Dataset records
───
locale alpha_max_tncw =
  fixes B :: "('a, 'q) tncw"
  assumes wf: "wf_tncw B" and sem_det: "sem_det B" and safe_det: "safe_det B"
    and normal: "normal B" and alpha_max: "alpha_max_up_to_hom B"
begin

lemma strong_equiv_safe_succ:
  assumes "strong_equiv B q q'" "(q, \<sigma>, t) \<in> safe_trans B"
  obtains t' where "(q', \<sigma>, t') \<in> safe_trans B"
  using safe_succ_if_lang_safe_subset[OF wf normal _ assms(2)] assms(1)
  unfolding strong_equiv_def by blast

lemma strong_equiv_safe_imp_not_acc:
  assumes "strong_equiv B q q'" "(q, \<sigma>, t) \<in> safe_trans B"
  shows "(q', \<sigma>, t') \<notin> acc B"
proof
  assume "(q', \<sigma>, t') \<in> acc B"
  moreover obtain t'' where "(q', \<sigma>, t'') \<in> safe_trans B"
    using strong_equiv_safe_succ[OF assms] .
  ultimately show False
    using alpha_max
    unfolding alpha_max_up_to_hom_def alpha_homogenous_def succ_acc_def succ_safe_def by blast
qed

lemma strong_equiv_trans_transfer:
  assumes "strong_equiv B q q'" "(q', \<sigma>, p') \<in> trans B" "q \<in> states B"
  obtains p where "(q, \<sigma>, p) \<in> trans B" "strong_equiv B p p'"
proof (cases "(q', \<sigma>, p') \<in> acc B")
  case False
  then have safe': "(q', \<sigma>, p') \<in> safe_trans B" using assms(2) unfolding safe_trans_def by blast
  obtain p where safe: "(q, \<sigma>, p) \<in> safe_trans B" and "safe_below B p' p"
    using safe_below_safe_step[OF wf sem_det safe_det normal _ safe'] assms(1)
    unfolding strong_equiv_iff_safe_below by blast
  moreover obtain p'' where "(q', \<sigma>, p'') \<in> safe_trans B" "safe_below B p p''"
    using safe_below_safe_step[OF wf sem_det safe_det normal _ safe] assms(1)
    unfolding strong_equiv_iff_safe_below by blast
  moreover have "p'' = p'"
    using safe_det safe' calculation(3) unfolding safe_det_def succ_safe_def by blast
  ultimately show ?thesis
    using that safe_trans_subset_trans unfolding strong_equiv_iff_safe_below by blast
next
  case True
  (* q has no safe sigma-successor either, so alpha-maximality of B supplies (q, sigma, p') *)
  have no_safe: "succ_safe B q \<sigma> = {}"
    using strong_equiv_safe_imp_not_acc[OF assms(1)] True unfolding succ_safe_def by blast
  have in_states: "\<sigma> \<in> alph B" "p' \<in> states B"
    using wf_trans_in_states[OF wf assms(2)] by auto
  obtain s where s: "(q, \<sigma>, s) \<in> trans B"
    using wf_trans_total[OF wf assms(3) in_states(1)] by blast
  have "lequiv B s p'"
    using lang_residual[OF wf sem_det s] lang_residual[OF wf sem_det assms(2)] assms(1)
    unfolding strong_equiv_def lequiv_def by simp
  then have "(q, \<sigma>, p') \<in> trans B"
    using alpha_max assms(3) in_states no_safe s
    unfolding alpha_max_up_to_hom_def allowed_trans_def by blast
  then show ?thesis using that unfolding strong_equiv_def lequiv_def by blast
qed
───
Your task is to print all of the records exactly.

locale alpha_max_tncw =
  fixes B :: "('a, 'q) tncw"
  assumes wf: "wf_tncw B" and sem_det: "sem_det B" and safe_det: "safe_det B"
    and normal: "normal B" and alpha_max: "alpha_max_up_to_hom B"
begin

lemma strong_equiv_safe_succ:
  assumes "strong_equiv B q q'" "(q, \<sigma>, t) \<in> safe_trans B"
  obtains t' where "(q', \<sigma>, t') \<in> safe_trans B"
  using safe_succ_if_lang_safe_subset[OF wf normal _ assms(2)] assms(1)
  unfolding strong_equiv_def by blast

lemma strong_equiv_safe_imp_not_acc:
  assumes "strong_equiv B q q'" "(q, \<sigma>, t) \<in> safe_trans B"
  shows "(q', \<sigma>, t') \<notin> acc B"
proof
  assume "(q', \<sigma>, t') \<in> acc B"
  moreover obtain t'' where "(q', \<sigma>, t'') \<in> safe_trans B"
    using strong_equiv_safe_succ[OF assms] .
  ultimately show False
    using alpha_max
    unfolding alpha_max_up_to_hom_def alpha_homogenous_def succ_acc_def succ_safe_def by blast
qed

lemma strong_equiv_trans_transfer:
  assumes "strong_equiv B q q'" "(q', \<sigma>, p') \<in> trans B" "q \<in> states B"
  obtains p where "(q, \<sigma>, p) \<in> trans B" "strong_equiv B p p'"
proof (cases "(q', \<sigma>, p') \<in> acc B")
  case False
  then have safe': "(q', \<sigma>, p') \<in> safe_trans B" using assms(2) unfolding safe_trans_def by blast
  obtain p where safe: "(q, \<sigma>, p) \<in> safe_trans B" and "safe_below B p' p"
    using safe_below_safe_step[OF wf sem_det safe_det normal _ safe'] assms(1)
    unfolding strong_equiv_iff_safe_below by blast
  moreover obtain p'' where "(q', \<sigma>, p'') \<in> safe_trans B" "safe_below B p p''"
    using safe_below_safe_step[OF wf sem_det safe_det normal _ safe] assms(1)
    unfolding strong_equiv_iff_safe_below by blast
  moreover have "p'' = p'"
    using safe_det safe' calculation(3) unfolding safe_det_def succ_safe_def by blast
  ultimately show ?thesis
    using that safe_trans_subset_trans unfolding strong_equiv_iff_safe_below by blast
next
  case True
  (* q has no safe sigma-successor either, so alpha-maximality of B supplies (q, sigma, p') *)
  have no_safe: "succ_safe B q \<sigma> = {}"
    using strong_equiv_safe_imp_not_acc[OF assms(1)] True unfolding succ_safe_def by blast
  have in_states: "\<sigma> \<in> alph B" "p' \<in> states B"
    using wf_trans_in_states[OF wf assms(2)] by auto
  obtain s where s: "(q, \<sigma>, s) \<in> trans B"
    using wf_trans_total[OF wf assms(3) in_states(1)] by blast
  have "lequiv B s p'"
    using lang_residual[OF wf sem_det s] lang_residual[OF wf sem_det assms(2)] assms(1)
    unfolding strong_equiv_def lequiv_def by simp
  then have "(q, \<sigma>, p') \<in> trans B"
    using alpha_max assms(3) in_states no_safe s
    unfolding alpha_max_up_to_hom_def allowed_trans_def by blast
  then show ?thesis using that unfolding strong_equiv_def lequiv_def by blast
qed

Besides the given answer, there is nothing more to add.